* [WORK ITEM]:
Each entry below must be repeated word for word.

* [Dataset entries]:
- - - -
lemma integral_bump_le:
  assumes "0 < a"
  shows "integral {p..q} (\<lambda>x. bump a (x - y)) \<le> 4 * a^3 / 3"
    and "q < y + a \<Longrightarrow> integral {p..q} (\<lambda>x. bump a (x - y)) < 4 * a^3 / 3"
proof -
  define s where "s = max (y - a) p - y"
  define t where "t = min (y + a) q - y"
  note eq = integral_bump[OF less_imp_le[OF assms], where y = y and p = p and q = q,
      folded s_def t_def]
  have bounds: "-a \<le> s" "t \<le> a"
    unfolding s_def t_def by auto
  show "integral {p..q} (\<lambda>x. bump a (x - y)) \<le> 4 * a^3 / 3"
    using eq bump_primitive_increment_le(1)[OF bounds(1) _ bounds(2)] assms by auto
  assume "q < y + a"
  then have "t < a" unfolding t_def by auto
  then show "integral {p..q} (\<lambda>x. bump a (x - y)) < 4 * a^3 / 3"
    using eq bump_primitive_increment_le(2)[OF bounds(1) _ bounds(2)] assms by auto
qed

lemma integral_square_error_ge_bump_sum:
  fixes Q :: "real \<Rightarrow> real"
  assumes "Q \<in> borel_measurable borel" and "finite (range Q)" and "p \<le> q"
  shows "a^2 * (q - p) - (\<Sum>y\<in>range Q. integral {p..q} (\<lambda>x. bump a (x - y)))
           \<le> integral {p..q} (\<lambda>x. (x - Q x)^2)"
proof -
  have bump_int: "(\<lambda>x. bump a (x - y)) integrable_on {p..q}" for y
    by (intro integrable_continuous_real continuous_intros)
  have sum_int: "(\<lambda>x. \<Sum>y\<in>range Q. bump a (x - y)) integrable_on {p..q}"
    using assms(2) bump_int by (intro integrable_sum) auto
  have "a^2 * (q - p) - (\<Sum>y\<in>range Q. integral {p..q} (\<lambda>x. bump a (x - y)))
      = integral {p..q} (\<lambda>x. a^2 - (\<Sum>y\<in>range Q. bump a (x - y)))"
    using assms(2,3) bump_int
    by (simp add: integral_diff[OF integrable_const_ivl sum_int] integral_sum mult.commute)
  also have "\<dots> \<le> integral {p..q} (\<lambda>x. (x - Q x)^2)"
    using assms(1,2) sum_int
    by (intro integral_le integrable_diff square_error_integrable_on square_ge_bump_sum) auto
  finally show ?thesis .
qed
- - - -
* [REPLY]:
lemma integral_bump_le:
  assumes "0 < a"
  shows "integral {p..q} (\<lambda>x. bump a (x - y)) \<le> 4 * a^3 / 3"
    and "q < y + a \<Longrightarrow> integral {p..q} (\<lambda>x. bump a (x - y)) < 4 * a^3 / 3"
proof -
  define s where "s = max (y - a) p - y"
  define t where "t = min (y + a) q - y"
  note eq = integral_bump[OF less_imp_le[OF assms], where y = y and p = p and q = q,
      folded s_def t_def]
  have bounds: "-a \<le> s" "t \<le> a"
    unfolding s_def t_def by auto
  show "integral {p..q} (\<lambda>x. bump a (x - y)) \<le> 4 * a^3 / 3"
    using eq bump_primitive_increment_le(1)[OF bounds(1) _ bounds(2)] assms by auto
  assume "q < y + a"
  then have "t < a" unfolding t_def by auto
  then show "integral {p..q} (\<lambda>x. bump a (x - y)) < 4 * a^3 / 3"
    using eq bump_primitive_increment_le(2)[OF bounds(1) _ bounds(2)] assms by auto
qed

lemma integral_square_error_ge_bump_sum:
  fixes Q :: "real \<Rightarrow> real"
  assumes "Q \<in> borel_measurable borel" and "finite (range Q)" and "p \<le> q"
  shows "a^2 * (q - p) - (\<Sum>y\<in>range Q. integral {p..q} (\<lambda>x. bump a (x - y)))
           \<le> integral {p..q} (\<lambda>x. (x - Q x)^2)"
proof -
  have bump_int: "(\<lambda>x. bump a (x - y)) integrable_on {p..q}" for y
    by (intro integrable_continuous_real continuous_intros)
  have sum_int: "(\<lambda>x. \<Sum>y\<in>range Q. bump a (x - y)) integrable_on {p..q}"
    using assms(2) bump_int by (intro integrable_sum) auto
  have "a^2 * (q - p) - (\<Sum>y\<in>range Q. integral {p..q} (\<lambda>x. bump a (x - y)))
      = integral {p..q} (\<lambda>x. a^2 - (\<Sum>y\<in>range Q. bump a (x - y)))"
    using assms(2,3) bump_int
    by (simp add: integral_diff[OF integrable_const_ivl sum_int] integral_sum mult.commute)
  also have "\<dots> \<le> integral {p..q} (\<lambda>x. (x - Q x)^2)"
    using assms(1,2) sum_int
    by (intro integral_le integrable_diff square_error_integrable_on square_ge_bump_sum) auto
  finally show ?thesis .
qed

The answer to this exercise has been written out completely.